In Mexico, while waiting for the steamer to take me to Havana, I witnessed a fascinating sight, and must share it with my readers. I was on a walk on the beach in Puerto Vallarta with three friends from our party going to Cuba, and whilst crossing a field, we noticed a big crowd at the far end. There seemed to be a lot going on, much jollity and merriment, to judge by the raucous laughter that flared up periodically. As my good friend Mr Wilde said, ‘Resist everything dear, except temptation,’ we directed our steps towards that hub. The people, as usual were courteous and deferential, and parted like the waters of the Nile to allow us to go through to the front.

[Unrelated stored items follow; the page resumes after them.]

lemma pseudo_quotient_le_iff:
  assumes "x \<in> C" "y \<in> C"
  shows "le Q (cl x) (cl y) \<longleftrightarrow> x \<sqinter> a \<preceq> y"
proof -
  have "le Q (cl x) (cl y) \<longleftrightarrow> x \<sqinter> y \<sqinter> a = x \<sqinter> a"
    using assms by (simp add: le_def pseudo_quotient_meet cls_eq_iff)
  also have "\<dots> \<longleftrightarrow> x \<sqinter> a \<preceq> y \<sqinter> a"
    using assms by (simp add: le_def meet_meet_right_distrib)
  also have "\<dots> \<longleftrightarrow> x \<sqinter> a \<preceq> y"
    using assms by (simp add: le_meet_iff meet_le2)
  finally show ?thesis .
qed

lemma pseudo_quotient_le_if_le: "x \<in> C \<Longrightarrow> y \<in> C \<Longrightarrow> x \<preceq> y \<Longrightarrow> le Q (cl x) (cl y)"
  by (simp add: pseudo_quotient_le_iff meet_le_if_le1)

lemma heyting_algebra_pseudo_quotient: "heyting_algebra Q"
proof -
  have residuation:
    "le Q (cl z) (imp Q (cl x) (cl y)) \<longleftrightarrow> le Q (meet Q (cl z) (cl x)) (cl y)"
    if "x \<in> C" "y \<in> C" "z \<in> C" for x y z
  proof -
    have "le Q (cl z) (imp Q (cl x) (cl y)) \<longleftrightarrow> z \<sqinter> a \<sqinter> x \<preceq> y"
      using that by (simp add: pseudo_quotient_imp pseudo_quotient_le_iff le_imp_iff)
    also have "z \<sqinter> a \<sqinter> x = z \<sqinter> x \<sqinter> a"
      using that by (simp add: meet_assoc meet_commute[of a x])
    also have "z \<sqinter> x \<sqinter> a \<preceq> y \<longleftrightarrow> le Q (meet Q (cl z) (cl x)) (cl y)"
      using that by (simp add: pseudo_quotient_meet pseudo_quotient_le_iff)
    finally show ?thesis .
  qed
  show ?thesis
    unfolding heyting_algebra_def ball_carrier_pseudo_quotient
    using residuation
    by (simp add: cls_in_carrier_pseudo_quotient pseudo_quotient_meet pseudo_quotient_join
        pseudo_quotient_imp pseudo_quotient_bot pseudo_quotient_top pseudo_quotient_le_if_le
        bot_le le_top
        meet_assoc join_assoc meet_join_absorb join_meet_absorb)
      (simp add: meet_commute join_commute)
qed

end

locale monadic =
  fixes Ag :: "'i set" and A :: "('i, 'a) mha"
  assumes monadic_heyting_algebra: "monadic_heyting_algebra Ag A"

sublocale monadic \<subseteq> heyting
  using monadic_heyting_algebra by unfold_locales (simp add: monadic_heyting_algebra_def)

context monadic
begin

lemma dia_closed [simp]: "i \<in> Ag \<Longrightarrow> x \<in> C \<Longrightarrow> dia A i x \<in> C"
  and box_closed [simp]: "i \<in> Ag \<Longrightarrow> x \<in> C \<Longrightarrow> box A i x \<in> C"
  and dia_mono: "i \<in> Ag \<Longrightarrow> x \<in> C \<Longrightarrow> y \<in> C \<Longrightarrow> x \<preceq> y \<Longrightarrow> dia A i x \<preceq> dia A i y"
  and box_mono: "i \<in> Ag \<Longrightarrow> x \<in> C \<Longrightarrow> y \<in> C \<Longrightarrow> x \<preceq> y \<Longrightarrow> box A i x \<preceq> box A i y"
  and le_dia: "i \<in> Ag \<Longrightarrow> x \<in> C \<Longrightarrow> x \<preceq> dia A i x"
  and box_le: "i \<in> Ag \<Longrightarrow> x \<in> C \<Longrightarrow> box A i x \<preceq> x"
  and dia_join_le: "i \<in> Ag \<Longrightarrow> x \<in> C \<Longrightarrow> y \<in> C \<Longrightarrow> dia A i (x \<squnion> y) \<preceq> dia A i x \<squnion> dia A i y"
  and box_imp_le_imp_box:
    "i \<in> Ag \<Longrightarrow> x \<in> C \<Longrightarrow> y \<in> C \<Longrightarrow> box A i (x \<Rightarrow>\<^sub>A y) \<preceq> (box A i x \<Rightarrow>\<^sub>A box A i y)"
  and dia_le_box_dia: "i \<in> Ag \<Longrightarrow> x \<in> C \<Longrightarrow> dia A i x \<preceq> box A i (dia A i x)"
  and dia_box_le_box: "i \<in> Ag \<Longrightarrow> x \<in> C \<Longrightarrow> dia A i (box A i x) \<preceq> box A i x"
  and box_imp_le_imp_dia:
    "i \<in> Ag \<Longrightarrow> x \<in> C \<Longrightarrow> y \<in> C \<Longrightarrow> box A i (x \<Rightarrow>\<^sub>A y) \<preceq> (dia A i x \<Rightarrow>\<^sub>A dia A i y)"
  and dia_bot_le: "i \<in> Ag \<Longrightarrow> dia A i (bot A) \<preceq> bot A"
  and top_le_box_top: "i \<in> Ag \<Longrightarrow> top A \<preceq> box A i (top A)"
  using monadic_heyting_algebra unfolding monadic_heyting_algebra_def by blast+

end

locale monadic_pseudo_quotient = monadic Ag A + heyting_pseudo_quotient A a
  for Ag :: "'i set" and A :: "('i, 'a) mha" and a
begin

lemma pseudo_quotient_dia_closed: "i \<in> Ag \<Longrightarrow> x \<in> C \<Longrightarrow> dia Q i (cl x) \<in> carrier Q"
  and pseudo_quotient_box_closed: "i \<in> Ag \<Longrightarrow> x \<in> C \<Longrightarrow> box Q i (cl x) \<in> carrier Q"
  by (simp_all add: pseudo_quotient_dia pseudo_quotient_box cls_in_carrier_pseudo_quotient)

lemma pseudo_quotient_le_iff_meet_le_meet:
  "x \<in> C \<Longrightarrow> y \<in> C \<Longrightarrow> le Q (cl x) (cl y) \<longleftrightarrow> x \<sqinter> a \<preceq> y \<sqinter> a"
  by (simp add: pseudo_quotient_le_iff le_meet_iff meet_le2)

lemma pseudo_quotient_dia_mono:
  assumes "i \<in> Ag" "x \<in> C" "y \<in> C" "le Q (cl x) (cl y)"
  shows "le Q (dia Q i (cl x)) (dia Q i (cl y))"
proof -
  have "dia A i (x \<sqinter> a) \<preceq> dia A i (y \<sqinter> a)"
    using assms by (simp add: pseudo_quotient_le_iff_meet_le_meet dia_mono)
  then show ?thesis
    using assms by (simp add: pseudo_quotient_dia pseudo_quotient_le_if_le)
qed

lemma pseudo_quotient_box_mono:
  assumes "i \<in> Ag" "x \<in> C" "y \<in> C" "le Q (cl x) (cl y)"
  shows "le Q (box Q i (cl x)) (box Q i (cl y))"
proof -
  have "(a \<Rightarrow>\<^sub>A x \<sqinter> a) \<preceq> (a \<Rightarrow>\<^sub>A y \<sqinter> a)"
    using assms by (simp add: pseudo_quotient_le_iff_meet_le_meet imp_right_mono)
  then show ?thesis
    using assms by (simp add: imp_meet_self pseudo_quotient_box pseudo_quotient_le_if_le box_mono)
qed
(* Let $p<q$ be odd primes. Then $n=pq$ is a Gaussian Carmichael number if and only if $q=p+2$ and $8$ divides $p+q$.
   Context: The function $\mathcal{F}$ is defined by $\mathcal{F}(n)=n-1$ if $n\equiv 1\pmod 4$, $\mathcal{F}(n)=n+1$ if $n\equiv 3 \pmod 4$, $\mathcal{F}(n)=n$ otherwise. A composite integer $n$ is a Gaussian Fermat pseudoprime to base $z\in\mathbb{Z}[i]$ if $\gcd(n,z\overline{z})=1$ and $(z/\overline{z})^{\mathcal{F}(n)}\equiv 1\pmod n$ in $\mathbb{Z}[i]/n\mathbb{Z}[i]$. A composite $n$ is a Gaussian Carmichael number if it is a Gaussian Fermat pseudoprime to base $z$ for every $z\in\mathbb{Z}[i]$ with $\gcd(n,z\overline{z})=1$. *)

theory Defs
  imports "HOL-Computational_Algebra.Primes"
begin

text \<open>Gaussian integers a + b i represented as pairs (a, b) of integers.\<close>
type_synonym gint = "int \<times> int"

definition gmul :: "gint \<Rightarrow> gint \<Rightarrow> gint" where
  "gmul z w = (fst z * fst w - snd z * snd w, fst z * snd w + snd z * fst w)"

definition gconj :: "gint \<Rightarrow> gint" where
  "gconj z = (fst z, - snd z)"

definition gone :: gint where "gone = (1, 0)"

fun gpow :: "gint \<Rightarrow> nat \<Rightarrow> gint" where
  "gpow z 0 = gone"
| "gpow z (Suc k) = gmul z (gpow z k)"

definition gnorm :: "gint \<Rightarrow> int" where
  "gnorm z = fst z ^ 2 + snd z ^ 2"

definition gcong :: "nat \<Rightarrow> gint \<Rightarrow> gint \<Rightarrow> bool" where
  "gcong n z w \<longleftrightarrow> int n dvd fst z - fst w \<and> int n dvd snd z - snd w"

definition F :: "nat \<Rightarrow> nat" where
  "F n = (if n mod 4 = 1 then n - 1 else if n mod 4 = 3 then n + 1 else n)"

definition composite :: "nat \<Rightarrow> bool" where
  "composite n \<longleftrightarrow> n > 1 \<and> \<not> prime n"
(* There is a constant $C(m,\tau,\gamma,\beta,d)$ such that the following holds. Let $\ell\ge1$, $L=\ell^\gamma$, $\Lambda_L=\Lambda_L^{(N)}(\mathbf x_0)$ with $\mathbf x_0\in\mathbb Z^{Nd}$, and let $(\psi,\mu)$ be an eigenpair of $H_{\Lambda_L}$. Let $\Upsilon\subsetneq\Lambda_L$ be an $m$-buffered cube in $\Lambda_L$ with set of good centers $\mathcal G_\Upsilon$, and suppose $$\operatorname{dist}(\mu,\sigma(H_\Upsilon))\ge\tfrac12e^{-L^\beta},\qquad \min_{\mathbf a\in\mathcal G_\Upsilon}\operatorname{dist}(\mu,\sigma(H_{\Lambda_\ell(\mathbf a)}))\ge\tfrac12e^{-L^\beta},$$ and $\ell\ge C(m,\tau,\gamma,\beta,d)(N\log(2+N))^{1/\tau}$. Then, with $m'=m(1-3\ell^{-\frac{1-\tau}{2}})$, $$\max_{\mathbf y\in\Upsilon}|\psi(\mathbf y)|\le e^{-\frac{m'}{2}\ell}\max_{\mathbf a\in\mathcal G_\Upsilon}\max_{\mathbf v\in\partial^{\Lambda_L}_{ex}\Lambda_\ell(\mathbf a)}|\psi(\mathbf v)|.$$
   Context: Fix $\beta,\tau\in(0,1)$, $\gamma>1$ with $\beta<\gamma^{-1}<1<\gamma<2$, $\max(\gamma\beta,\gamma^{-1})<\tau<1$; $m>0$, $d,N\ge1$. Points of $\mathbb Z^{Nd}$: $\mathbf x=(x_1,\dots,x_N)$, $x_j\in\mathbb Z^d$; $d_S(\mathbf x,\mathbf y)=\min_{\pi\in S_N}\|\mathbf x-\pi\mathbf y\|_\infty$ with $\pi\mathbf y=(y_{\pi(1)},\dots,y_{\pi(N)})$; $d_S(\mathbf x,A)=\min_{\mathbf y\in A}d_S(\mathbf x,\mathbf y)$. $\Lambda_R(\mathbf b)=\Lambda_R^{(N)}(\mathbf b)=\{\mathbf x:d_S(\mathbf x,\mathbf b)\le R\}$. $H=-\Delta^{(N)}+\lambda V+U$ on $\ell^2(\mathbb Z^{Nd})$ with $(\Delta^{(N)}\varphi)(\mathbf x)=\sum_{\|\mathbf y-\mathbf x\|_1=1}\varphi(\mathbf y)$, $V(\mathbf x)=\sum_j\mathcal V(x_j)$, $U(\mathbf x)=\sum_{i<j}\mathcal U(x_i-x_j)$ (fixed real $\mathcal V$, finitely supported $\mathcal U$, $\lambda>0$); $H_\Theta=1_\Theta H1_\Theta$ on $\ell^2(\Theta)$. For $\Phi\subseteq\Theta$ symmetric: $\partial^\Theta\Phi=\{(\mathbf u,\mathbf v)\in\Phi\times(\Theta\setminus\Phi):d_S(\mathbf u,\mathbf v)=1\}$; $\partial^\Theta_{ex}\Phi=\{\mathbf v\in\Theta\setminus\Phi:\exists\mathbf u,(\mathbf u,\mathbf v)\in\partial^\Theta\Phi\}$; $\partial^\Theta_{in}\Phi=\{\mathbf u\in\Phi:\exists\mathbf v,(\mathbf u,\mathbf v)\in\partial^\Theta\Phi\}$; $\Phi^{\Theta,r}=\{\mathbf x\in\Phi:d_S(\mathbf x,\Theta\setminus\Phi)\ge r\}$. Localizing: for a cube $\Lambda_\ell$, $\varphi\in\ell^2(\Lambda_\ell)$ is $(\mathbf x,m)$-localizing if $\|\varphi\|_2=1$ and $|\varphi(\mathbf y)|\le e^{-md_S(\mathbf y,\mathbf x)}$ for all $\mathbf y\in\Lambda_\ell$ with $d_S(\mathbf y,\mathbf x)\ge\ell^\tau$; $m$-localizing if this holds for some $\mathbf x\in\Lambda_\ell$; $\Lambda_\ell$ is $m$-localizing for $H$ if $H_{\Lambda_\ell}$ has an orthonormal eigenbasis of $m$-localizing functions. Cover: $\Xi_{L,\ell}$ is the set of $\mathbf a\in\mathbb Z^{Nd}$ with $\Lambda_\ell(\mathbf a)\subseteq\Lambda_L$. Buffered cube: a symmetric set $\Upsilon\subseteq\Lambda_L$ is an ($m$-)buffered cube in $\Lambda_L$ if (i) $\Upsilon=\Lambda_R(\mathbf b)\cap\Lambda_L$ for some $\mathbf b\in\Lambda_L$ and $\ell\le R\le L$, and (ii) there is a set of good centers $\mathcal G_\Upsilon\subseteq\Xi_{L,\ell}$ such that each $\Lambda_\ell(\mathbf a)$, $\mathbf a\in\mathcal G_\Upsilon$, is $m$-localizing for $H$, and $\partial^{\Lambda_L}_{in}\Upsilon\subseteq\bigcup_{\mathbf a\in\mathcal G_\Upsilon}\Lambda_\ell^{\Lambda_L,\ell}(\mathbf a)$, where $\Lambda_\ell^{\Lambda_L,\ell}(\mathbf a)=\{\mathbf x\in\Lambda_\ell(\mathbf a):d_S(\mathbf x,\Lambda_L\setminus\Lambda_\ell(\mathbf a))\ge\ell\}$. *)

theory Defs
  imports "HOL-Analysis.Analysis" "HOL-Combinatorics.Permutations"
begin

text \<open>A point x = (x_1,...,x_N) of Z^(Nd) is encoded as a function
  x :: nat => nat => int, where x j k is the k-th coordinate of particle j;
  only points with x j k = 0 whenever j >= N or k >= d are admissible.\<close>

type_synonym pt = "nat \<Rightarrow> nat \<Rightarrow> int"

definition conf :: "nat \<Rightarrow> nat \<Rightarrow> pt set" where
  "conf N d = {x. \<forall>j k. (N \<le> j \<or> d \<le> k) \<longrightarrow> x j k = 0}"

definition supdist :: "nat \<Rightarrow> nat \<Rightarrow> pt \<Rightarrow> pt \<Rightarrow> int" where
  "supdist N d x y = Max {\<bar>x j k - y j k\<bar> | j k. j < N \<and> k < d}"

definition l1dist :: "nat \<Rightarrow> nat \<Rightarrow> pt \<Rightarrow> pt \<Rightarrow> int" where
  "l1dist N d x y = (\<Sum>j<N. \<Sum>k<d. \<bar>x j k - y j k\<bar>)"

definition perm_pt :: "(nat \<Rightarrow> nat) \<Rightarrow> pt \<Rightarrow> pt" where
  "perm_pt \<pi> y = (\<lambda>j. y (\<pi> j))"

definition dS :: "nat \<Rightarrow> nat \<Rightarrow> pt \<Rightarrow> pt \<Rightarrow> real" where
  "dS N d x y = real_of_int (Min {supdist N d x (perm_pt \<pi> y) | \<pi>. \<pi> permutes {..<N}})"

definition cube :: "nat \<Rightarrow> nat \<Rightarrow> real \<Rightarrow> pt \<Rightarrow> pt set" where
  "cube N d R b = {x \<in> conf N d. dS N d x b \<le> R}"

definition symmetric_set :: "nat \<Rightarrow> pt set \<Rightarrow> bool" where
  "symmetric_set N \<Phi> \<longleftrightarrow> (\<forall>x\<in>\<Phi>. \<forall>\<pi>. \<pi> permutes {..<N} \<longrightarrow> perm_pt \<pi> x \<in> \<Phi>)"

definition bdry :: "nat \<Rightarrow> nat \<Rightarrow> pt set \<Rightarrow> pt set \<Rightarrow> (pt \<times> pt) set" where
  "bdry N d \<Theta> \<Phi> = {(u, v). u \<in> \<Phi> \<and> v \<in> \<Theta> - \<Phi> \<and> dS N d u v = 1}"

definition ex_bdry :: "nat \<Rightarrow> nat \<Rightarrow> pt set \<Rightarrow> pt set \<Rightarrow> pt set" where
  "ex_bdry N d \<Theta> \<Phi> = {v \<in> \<Theta> - \<Phi>. \<exists>u. (u, v) \<in> bdry N d \<Theta> \<Phi>}"

definition in_bdry :: "nat \<Rightarrow> nat \<Rightarrow> pt set \<Rightarrow> pt set \<Rightarrow> pt set" where
  "in_bdry N d \<Theta> \<Phi> = {u \<in> \<Phi>. \<exists>v. (u, v) \<in> bdry N d \<Theta> \<Phi>}"

text \<open>Phi^{Theta,r} = {x in Phi : d_S(x, Theta - Phi) >= r}
  (with the convention d_S(x, {}) = infinity)\<close>
definition inner_part :: "nat \<Rightarrow> nat \<Rightarrow> pt set \<Rightarrow> pt set \<Rightarrow> real \<Rightarrow> pt set" where
  "inner_part N d \<Theta> \<Phi> r = {x \<in> \<Phi>. \<forall>y \<in> \<Theta> - \<Phi>. r \<le> dS N d x y}"

definition potV :: "nat \<Rightarrow> ((nat \<Rightarrow> int) \<Rightarrow> real) \<Rightarrow> pt \<Rightarrow> real" where
  "potV N calV x = (\<Sum>j<N. calV (x j))"

definition potU :: "nat \<Rightarrow> ((nat \<Rightarrow> int) \<Rightarrow> real) \<Rightarrow> pt \<Rightarrow> real" where
  "potU N calU x = (\<Sum>j<N. \<Sum>i<j. calU (\<lambda>k. x i k - x j k))"

text \<open>H_Theta = 1_Theta H 1_Theta, H = - Delta + lambda V + U, acting on
  functions phi vanishing off Theta (values given at points of Theta).\<close>
definition Hrestr :: "nat \<Rightarrow> nat \<Rightarrow> real \<Rightarrow> ((nat \<Rightarrow> int) \<Rightarrow> real) \<Rightarrow> ((nat \<Rightarrow> int) \<Rightarrow> real)
    \<Rightarrow> pt set \<Rightarrow> (pt \<Rightarrow> complex) \<Rightarrow> pt \<Rightarrow> complex" where
  "Hrestr N d lam calV calU \<Theta> \<phi> x =
     (if x \<in> \<Theta> then
        - (\<Sum>y \<in> {y \<in> conf N d. l1dist N d y x = 1}. (if y \<in> \<Theta> then \<phi> y else 0))
        + of_real (lam * potV N calV x + potU N calU x) * \<phi> x
      else 0)"

definition supp_in :: "pt set \<Rightarrow> (pt \<Rightarrow> complex) \<Rightarrow> bool" where
  "supp_in \<Theta> \<phi> \<longleftrightarrow> (\<forall>x. x \<notin> \<Theta> \<longrightarrow> \<phi> x = 0)"

definition is_eigenpair :: "nat \<Rightarrow> nat \<Rightarrow> real \<Rightarrow> ((nat \<Rightarrow> int) \<Rightarrow> real) \<Rightarrow> ((nat \<Rightarrow> int) \<Rightarrow> real)
    \<Rightarrow> pt set \<Rightarrow> (pt \<Rightarrow> complex) \<Rightarrow> real \<Rightarrow> bool" where
  "is_eigenpair N d lam calV calU \<Theta> \<phi> e \<longleftrightarrow>
     supp_in \<Theta> \<phi> \<and> (\<exists>x\<in>\<Theta>. \<phi> x \<noteq> 0) \<and>
     (\<forall>x\<in>\<Theta>. Hrestr N d lam calV calU \<Theta> \<phi> x = of_real e * \<phi> x)"

text \<open>spectrum of H_Theta (Theta finite, H_Theta self-adjoint: the set of its
  eigenvalues, all of which are real)\<close>
definition spec :: "nat \<Rightarrow> nat \<Rightarrow> real \<Rightarrow> ((nat \<Rightarrow> int) \<Rightarrow> real) \<Rightarrow> ((nat \<Rightarrow> int) \<Rightarrow> real)
    \<Rightarrow> pt set \<Rightarrow> real set" where
  "spec N d lam calV calU \<Theta> = {e. \<exists>\<phi>. is_eigenpair N d lam calV calU \<Theta> \<phi> e}"

definition inner_l2 :: "pt set \<Rightarrow> (pt \<Rightarrow> complex) \<Rightarrow> (pt \<Rightarrow> complex) \<Rightarrow> complex" where
  "inner_l2 \<Theta> \<phi> \<psi> = (\<Sum>x\<in>\<Theta>. \<phi> x * cnj (\<psi> x))"

definition loc_at :: "nat \<Rightarrow> nat \<Rightarrow> real \<Rightarrow> real \<Rightarrow> real \<Rightarrow> pt set \<Rightarrow> pt \<Rightarrow> (pt \<Rightarrow> complex) \<Rightarrow> bool" where
  "loc_at N d \<tau> m ell \<Theta> x \<phi> \<longleftrightarrow>
     (\<Sum>y\<in>\<Theta>. (cmod (\<phi> y))\<^sup>2) = 1 \<and>
     (\<forall>y\<in>\<Theta>. ell powr \<tau> \<le> dS N d y x \<longrightarrow> cmod (\<phi> y) \<le> exp (- m * dS N d y x))"

definition m_loc_fun :: "nat \<Rightarrow> nat \<Rightarrow> real \<Rightarrow> real \<Rightarrow> real \<Rightarrow> pt set \<Rightarrow> (pt \<Rightarrow> complex) \<Rightarrow> bool" where
  "m_loc_fun N d \<tau> m ell \<Theta> \<phi> \<longleftrightarrow> (\<exists>x\<in>\<Theta>. loc_at N d \<tau> m ell \<Theta> x \<phi>)"

definition m_loc_cube :: "nat \<Rightarrow> nat \<Rightarrow> real \<Rightarrow> ((nat \<Rightarrow> int) \<Rightarrow> real) \<Rightarrow> ((nat \<Rightarrow> int) \<Rightarrow> real)
    \<Rightarrow> real \<Rightarrow> real \<Rightarrow> real \<Rightarrow> pt \<Rightarrow> bool" where
  "m_loc_cube N d lam calV calU \<tau> m ell a \<longleftrightarrow>
     (let \<Theta> = cube N d ell a in
      \<exists>B. finite B \<and>
        (\<forall>\<phi>\<in>B. supp_in \<Theta> \<phi> \<and> (\<exists>e. is_eigenpair N d lam calV calU \<Theta> \<phi> e)
                 \<and> m_loc_fun N d \<tau> m ell \<Theta> \<phi>) \<and>
        (\<forall>\<phi>\<in>B. \<forall>\<psi>\<in>B. inner_l2 \<Theta> \<phi> \<psi> = (if \<phi> = \<psi> then 1 else 0)) \<and>
        (\<forall>f. supp_in \<Theta> f \<longrightarrow> (\<exists>c. \<forall>x\<in>\<Theta>. f x = (\<Sum>\<phi>\<in>B. c \<phi> * \<phi> x))))"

There was the most bizarre coconut palm I have ever seen, growing at an angle of 45 degrees to the horizontal ground, giving the impression that if someone was ill-advised enough to push it, it would come crashing to the ground. That, however, was not the most striking thing we saw that day. From near its top, came down a rope, at the end of which there was a harness, and to this was attached a really unusual man. He was no bigger than a ten year old, had no arms and no legs, his body ending just below the level of his bottom, with two small protuberances showing the rudiments of his thighs. He had a face which bore a strong resemblance to a goat, and he must have known this, for he grew a small black goatee to emphasise this. His tanned face was greasy, and he had a mouth full of gold teeth. He was swinging gently, and the moment he caught sight of us, he grinned and in an unpleasant squeaky voice greeted us, in Spanish. ‘Come English, come watch the greatest artist in Mexico produce a masterpiece.’ A rather gentle-looking giant of a man who seemed to be a minder or to be managing the show looked at us with ill-concealed hostility, but he curtly deferred to us, with a nod and a slight bow. At the same time we noticed a canvas held in a sort of weaver’s frame, tilted at some small angle to the horizontal with coloured marks on it, the beginning of an abstract painting. On the ground there were pots of coloured paint. The small man was wearing a kind of soiled loincloth, and a paintbrush protruded out of his anus. He grinned wickedly as he realised that we had just seen this.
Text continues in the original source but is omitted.